**** Input data

lemma bounded_opI:
  assumes "\<And>x y. T (x + y) = T x + T y" "\<And>c x. T (scaleC c x) = scaleC c (T x)"
    and "\<And>x. hnorm (T x) \<le> K * hnorm x"
  shows "bounded_op (T::'h::complex_hilbert \<Rightarrow> 'h)"
  using assms unfolding bounded_op_def by blast

lemma opnorm_leI:
  assumes "\<And>x. hnorm (T x) \<le> K * hnorm x" "0 \<le> K"
  shows "opnorm (T::'h::complex_hilbert \<Rightarrow> 'h) \<le> K"
  unfolding opnorm_def
proof (rule cSup_least)
  have "hnorm (0::'h) \<le> 1" by simp
  then show "{hnorm (T x) |x. hnorm x \<le> 1} \<noteq> {}" by blast
next
  fix r assume "r \<in> {hnorm (T x) |x. hnorm x \<le> 1}"
  then obtain x where r: "r = hnorm (T x)" and x: "hnorm x \<le> 1" by auto
  have "K * hnorm x \<le> K * 1" using x by (rule mult_left_mono[OF _ assms(2)])
  then show "r \<le> K" using assms(1)[of x] r by simp
qed

lemma opnorm_lessI:
  assumes "\<And>x. hnorm (T x) \<le> K * hnorm x" "0 \<le> K" "K < e"
  shows "opnorm (T::'h::complex_hilbert \<Rightarrow> 'h) < e"
  using opnorm_leI[OF assms(1,2)] assms(3) by simp

lemma bdd_above_opnorm:
  assumes T: "bounded_op (T::'h::complex_hilbert \<Rightarrow> 'h)"
  shows "bdd_above {hnorm (T x) |x. hnorm x \<le> 1}"
proof -
  obtain K where K: "\<And>x. hnorm (T x) \<le> K * hnorm x" using T by (auto simp: bounded_op_def)
  show ?thesis
  proof (rule bdd_aboveI)
    fix r assume "r \<in> {hnorm (T x) |x. hnorm x \<le> 1}"
    then obtain x where r: "r = hnorm (T x)" and x: "hnorm x \<le> 1" by auto
    have "K * hnorm x \<le> \<bar>K\<bar> * hnorm x" using hnorm_nonneg[of x] by (simp add: mult_right_mono)
    also have "\<dots> \<le> \<bar>K\<bar> * 1" using x by (rule mult_left_mono) simp
    finally show "r \<le> \<bar>K\<bar>" using K[of x] r by simp
  qed
qed

lemma opnorm_nonneg: "bounded_op (T::'h::complex_hilbert \<Rightarrow> 'h) \<Longrightarrow> 0 \<le> opnorm T"
  using cSup_upper[OF _ bdd_above_opnorm, of "hnorm (T 0)" T] hnorm_nonneg[of "T 0"]
  unfolding opnorm_def by fastforce

lemma hnorm_apply_le_opnorm:
  assumes T: "bounded_op (T::'h::complex_hilbert \<Rightarrow> 'h)"
  shows "hnorm (T x) \<le> opnorm T * hnorm x"
proof (cases "x = 0")
  case True
  then show ?thesis using bounded_op_zero_apply[OF T] by simp
next
  case False
  then have hp: "hnorm x > 0" using hnorm_nonneg[of x] hnorm_eq_zero[of x] by simp
  define x' where "x' = scaleC (complex_of_real (1 / hnorm x)) x"
  have c: "cmod (complex_of_real (1 / hnorm x)) = 1 / hnorm x" using hp by (simp add: norm_divide)
  have "hnorm x' = 1" using hp unfolding x'_def hnorm_scaleC c by simp
  then have "hnorm (T x') \<le> opnorm T"
    unfolding opnorm_def by (intro cSup_upper bdd_above_opnorm[OF T]) auto
  moreover have "hnorm (T x') = hnorm (T x) / hnorm x"
    unfolding x'_def bounded_op_scaleC_apply[OF T] hnorm_scaleC c by simp
  ultimately show ?thesis using hp by (simp add: divide_le_eq mult.commute)
qed

lemma hnorm_apply_le:
  "bounded_op (T::'h::complex_hilbert \<Rightarrow> 'h) \<Longrightarrow> opnorm T \<le> M \<Longrightarrow> hnorm (T x) \<le> M * hnorm x"
  using hnorm_apply_le_opnorm[of T x] mult_right_mono[of "opnorm T" M "hnorm x"] hnorm_nonneg[of x]
  by linarith

lemma bounded_op_zero: "bounded_op (op_zero::'h::complex_hilbert \<Rightarrow> 'h)"
  by (rule bounded_opI[where K=0]) (auto simp: op_zero_def)

lemma bounded_op_add:
  assumes S: "bounded_op S" and T: "bounded_op (T::'h::complex_hilbert \<Rightarrow> 'h)"
  shows "bounded_op (op_add S T)"
proof (rule bounded_opI[where K="opnorm S + opnorm T"])
  fix x
  show "hnorm (op_add S T x) \<le> (opnorm S + opnorm T) * hnorm x"
    using hnorm_triangle[of "S x" "T x"] hnorm_apply_le_opnorm[OF S, of x] hnorm_apply_le_opnorm[OF T, of x]
    by (simp add: op_add_def distrib_right)
qed (simp_all add: op_add_def bounded_op_add_apply[OF S] bounded_op_add_apply[OF T]
       bounded_op_scaleC_apply[OF S] bounded_op_scaleC_apply[OF T] scaleC_add_right)

lemma opnorm_add:
  assumes S: "bounded_op S" and T: "bounded_op (T::'h::complex_hilbert \<Rightarrow> 'h)"
  shows "opnorm (op_add S T) \<le> opnorm S + opnorm T"
proof (rule opnorm_leI)
  fix x
  show "hnorm (op_add S T x) \<le> (opnorm S + opnorm T) * hnorm x"
    using hnorm_triangle[of "S x" "T x"] hnorm_apply_le_opnorm[OF S, of x] hnorm_apply_le_opnorm[OF T, of x]
    by (simp add: op_add_def distrib_right)
qed (simp add: opnorm_nonneg S T)

lemma bounded_op_scale:
  assumes T: "bounded_op (T::'h::complex_hilbert \<Rightarrow> 'h)"
  shows "bounded_op (op_scale c T)"
proof (rule bounded_opI[where K="cmod c * opnorm T"])
  fix x
  show "hnorm (op_scale c T x) \<le> cmod c * opnorm T * hnorm x"
    using mult_left_mono[OF hnorm_apply_le_opnorm[OF T, of x], of "cmod c"]
    by (simp add: op_scale_def hnorm_scaleC mult.assoc)
qed (simp_all add: op_scale_def bounded_op_add_apply[OF T] bounded_op_scaleC_apply[OF T]
       scaleC_add_right scaleC_scaleC mult.commute)

lemma opnorm_scale:
  assumes T: "bounded_op (T::'h::complex_hilbert \<Rightarrow> 'h)"
  shows "opnorm (op_scale c T) \<le> cmod c * opnorm T"
proof (rule opnorm_leI)
  fix x
  show "hnorm (op_scale c T x) \<le> cmod c * opnorm T * hnorm x"
    using mult_left_mono[OF hnorm_apply_le_opnorm[OF T, of x], of "cmod c"]
    by (simp add: op_scale_def hnorm_scaleC mult.assoc)
qed (simp add: opnorm_nonneg T)

lemma bounded_op_comp:
  assumes S: "bounded_op S" and T: "bounded_op (T::'h::complex_hilbert \<Rightarrow> 'h)"
  shows "bounded_op (S \<circ> T)"
proof (rule bounded_opI[where K="opnorm S * opnorm T"])
  fix x
  show "hnorm ((S \<circ> T) x) \<le> opnorm S * opnorm T * hnorm x"
    using hnorm_apply_le[OF S, of "opnorm S" "T x"] hnorm_apply_le_opnorm[OF T, of x]
      mult_left_mono[OF _ opnorm_nonneg[OF S]] by (fastforce simp: mult.assoc)
qed (simp_all add: bounded_op_add_apply[OF S] bounded_op_add_apply[OF T]
       bounded_op_scaleC_apply[OF S] bounded_op_scaleC_apply[OF T])

lemma opnorm_comp:
  assumes S: "bounded_op S" and T: "bounded_op (T::'h::complex_hilbert \<Rightarrow> 'h)"
  shows "opnorm (S \<circ> T) \<le> opnorm S * opnorm T"
proof (rule opnorm_leI)
  fix x
  show "hnorm ((S \<circ> T) x) \<le> opnorm S * opnorm T * hnorm x"
    using hnorm_apply_le[OF S, of "opnorm S" "T x"] hnorm_apply_le_opnorm[OF T, of x]
      mult_left_mono[OF _ opnorm_nonneg[OF S]] by (fastforce simp: mult.assoc)
qed (simp add: opnorm_nonneg S T)

lemma op_diff_eq_op_add_op_scale: "op_diff S T = op_add S (op_scale (-1) (T::'h::complex_hilbert \<Rightarrow> 'h))"
  by (rule ext) (simp add: op_diff_def op_add_def op_scale_def scaleC_minus_one)

lemma bounded_op_diff:
  "bounded_op S \<Longrightarrow> bounded_op (T::'h::complex_hilbert \<Rightarrow> 'h) \<Longrightarrow> bounded_op (op_diff S T)"
  unfolding op_diff_eq_op_add_op_scale by (intro bounded_op_add bounded_op_scale)

lemma op_diff_op_zero [simp]: "op_diff T op_zero = (T::'h::complex_hilbert \<Rightarrow> 'h)"
  by (rule ext) (simp add: op_diff_def op_zero_def)

lemma op_diff_self [simp]: "op_diff T T = (op_zero::'h::complex_hilbert \<Rightarrow> 'h)"
  by (rule ext) (simp add: op_diff_def op_zero_def)

lemma op_diff_eq_op_zero_iff: "op_diff S T = op_zero \<longleftrightarrow> S = (T::'h::complex_hilbert \<Rightarrow> 'h)"
  by (auto simp: op_diff_def op_zero_def fun_eq_iff)

lemma nonpos_if_le_eps_mult:
  assumes "\<And>e. e > 0 \<Longrightarrow> (a::real) \<le> e * c"
  shows "a \<le> 0"
proof (rule field_le_epsilon)
  fix d :: real assume d: "d > 0"
  have "a \<le> d / (\<bar>c\<bar> + 1) * c" by (rule assms) (use d in \<open>simp add: add_pos_nonneg\<close>)
  also have "\<dots> \<le> d / (\<bar>c\<bar> + 1) * \<bar>c\<bar>" using d by (intro mult_left_mono) auto
  also have "\<dots> \<le> d" using d by (simp add: field_simps)
  finally show "a \<le> 0 + d" by simp
qed

lemma exists_pos_mult_le: "0 \<le> (M::real) \<Longrightarrow> e > 0 \<Longrightarrow> \<exists>\<delta>>0. M * \<delta> \<le> e"
  by (rule exI[of _ "e / (M + 1)"]) (simp add: field_simps)

lemma ultrafilter_tendsto_bounded:
  fixes w :: "'i \<Rightarrow> real"
  assumes U: "ultrafilter U" and w: "\<And>i. w i \<in> {lo..hi}"
  shows "\<exists>L. (w \<longlongrightarrow> L) U"
proof -
  define F where "F = filtermap w U"
  have "F \<noteq> bot" using U by (simp add: F_def filtermap_bot_iff ultrafilter_def)
  moreover have "eventually (\<lambda>x. x \<in> {lo..hi}) F" using w by (simp add: F_def eventually_filtermap)
  ultimately obtain L where L: "inf (nhds L) F \<noteq> bot"
    using compact_Icc[of lo hi] unfolding compact_filter by blast
  show ?thesis
  proof (intro exI topological_tendstoI)
    fix S assume S: "open S" "L \<in> S"
    show "eventually (\<lambda>i. w i \<in> S) U"
    proof (rule ccontr)
      assume "\<not> eventually (\<lambda>i. w i \<in> S) U"
      then have "eventually (\<lambda>i. w i \<notin> S) U" using U unfolding ultrafilter_def by blast
      then have "eventually (\<lambda>x. x \<notin> S) F" by (simp add: F_def eventually_filtermap)
      moreover have "eventually (\<lambda>x. x \<in> S) (nhds L)" using S by (rule eventually_nhds_in_open)
      ultimately have "eventually (\<lambda>x. False) (inf (nhds L) F)"
        unfolding eventually_inf by blast
      then show False using L by (simp add: trivial_limit_def[symmetric])
    qed
  qed
qed

definition lincomb :: "(complex \<times> ('h::complex_hilbert \<Rightarrow> 'h) \<times> 'h) list \<Rightarrow> 'h" where
  "lincomb ps = sum_list (map (\<lambda>(c, a, \<eta>). scaleC c (a \<eta>)) ps)"

lemma hnorm_apply_lincomb_le:
  assumes R: "bounded_op (R::'h::complex_hilbert \<Rightarrow> 'h)"
  shows "hnorm (R (lincomb ps)) \<le> (\<Sum>(c, a, \<eta>)\<leftarrow>ps. cmod c * hnorm (R (a \<eta>)))"
proof (induction ps)
  case Nil
  then show ?case by (simp add: lincomb_def bounded_op_zero_apply[OF R])
next
  case (Cons p ps)
  obtain c a \<eta> where p: "p = (c, a, \<eta>)" by (cases p) auto
  have "R (lincomb (p # ps)) = scaleC c (R (a \<eta>)) + R (lincomb ps)"
    by (simp add: lincomb_def p bounded_op_add_apply[OF R] bounded_op_scaleC_apply[OF R])
  then show ?case
    using hnorm_triangle[of "scaleC c (R (a \<eta>))" "R (lincomb ps)"] Cons.IH
    by (simp add: p hnorm_scaleC)
qed

locale nondegenerate_cstar_algebra =
  fixes A :: "('h::complex_hilbert \<Rightarrow> 'h) set"
  assumes cstar_subalgebra: "cstar_subalgebra A" and nondegenerate: "nondegenerate A"
begin

lemma A_bounded: "a \<in> A \<Longrightarrow> bounded_op a"
  and A_zero: "op_zero \<in> A"
  and A_add: "a \<in> A \<Longrightarrow> b \<in> A \<Longrightarrow> op_add a b \<in> A"
  and A_scale: "a \<in> A \<Longrightarrow> op_scale c a \<in> A"
  and A_comp: "a \<in> A \<Longrightarrow> b \<in> A \<Longrightarrow> a \<circ> b \<in> A"
  using cstar_subalgebra by (simp_all add: cstar_subalgebra_def)

lemma A_closed: "bounded_op T \<Longrightarrow> (\<And>e. e > 0 \<Longrightarrow> \<exists>a\<in>A. opnorm (op_diff T a) < e) \<Longrightarrow> T \<in> A"
  using cstar_subalgebra unfolding cstar_subalgebra_def by blast

lemma lincomb_dense:
  assumes "e > 0"
  obtains ps where "\<forall>(c, a, \<eta>) \<in> set ps. a \<in> A" "hnorm (\<xi> - lincomb ps) < e"
  using nondegenerate assms unfolding nondegenerate_def lincomb_def by blast

lemma bounded_op_eq_zero_if_annihilates:
  assumes R: "bounded_op R" and annihilates: "\<And>a v. a \<in> A \<Longrightarrow> R (a v) = 0"
  shows "R = op_zero"
proof
  fix \<xi>
  have "hnorm (R \<xi>) \<le> 0"
  proof (rule nonpos_if_le_eps_mult)
    fix e :: real assume e: "e > 0"
    obtain ps where ps: "\<forall>(c, a, \<eta>) \<in> set ps. a \<in> A" and close: "hnorm (\<xi> - lincomb ps) < e"
      using lincomb_dense[OF e] .
    have "(\<Sum>(c, a, \<eta>)\<leftarrow>ps. cmod c * hnorm (R (a \<eta>))) = 0"
      using ps by (induction ps) (auto simp: annihilates)
    then have "R (lincomb ps) = 0"
      using hnorm_apply_lincomb_le[OF R, of ps] hnorm_nonneg[of "R (lincomb ps)"] hnorm_eq_zero
      by (metis order_antisym)
    then have "hnorm (R \<xi>) = hnorm (R (\<xi> - lincomb ps))" by (simp add: bounded_op_diff_apply[OF R])
    also have "\<dots> \<le> opnorm R * hnorm (\<xi> - lincomb ps)" by (rule hnorm_apply_le_opnorm[OF R])
    also have "\<dots> \<le> opnorm R * e" using close opnorm_nonneg[OF R] by (intro mult_left_mono) auto
    finally show "hnorm (R \<xi>) \<le> e * opnorm R" by (simp add: mult.commute)
  qed
  then show "R \<xi> = op_zero \<xi>"
    using hnorm_nonneg[of "R \<xi>"] hnorm_eq_zero[of "R \<xi>"] by (simp add: op_zero_def)
qed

********

Whenever a line in the records above contains the string "fixes", copy that line.

*Finished exercise*:
  fixes w :: "'i \<Rightarrow> real"
  fixes A :: "('h::complex_hilbert \<Rightarrow> 'h) set"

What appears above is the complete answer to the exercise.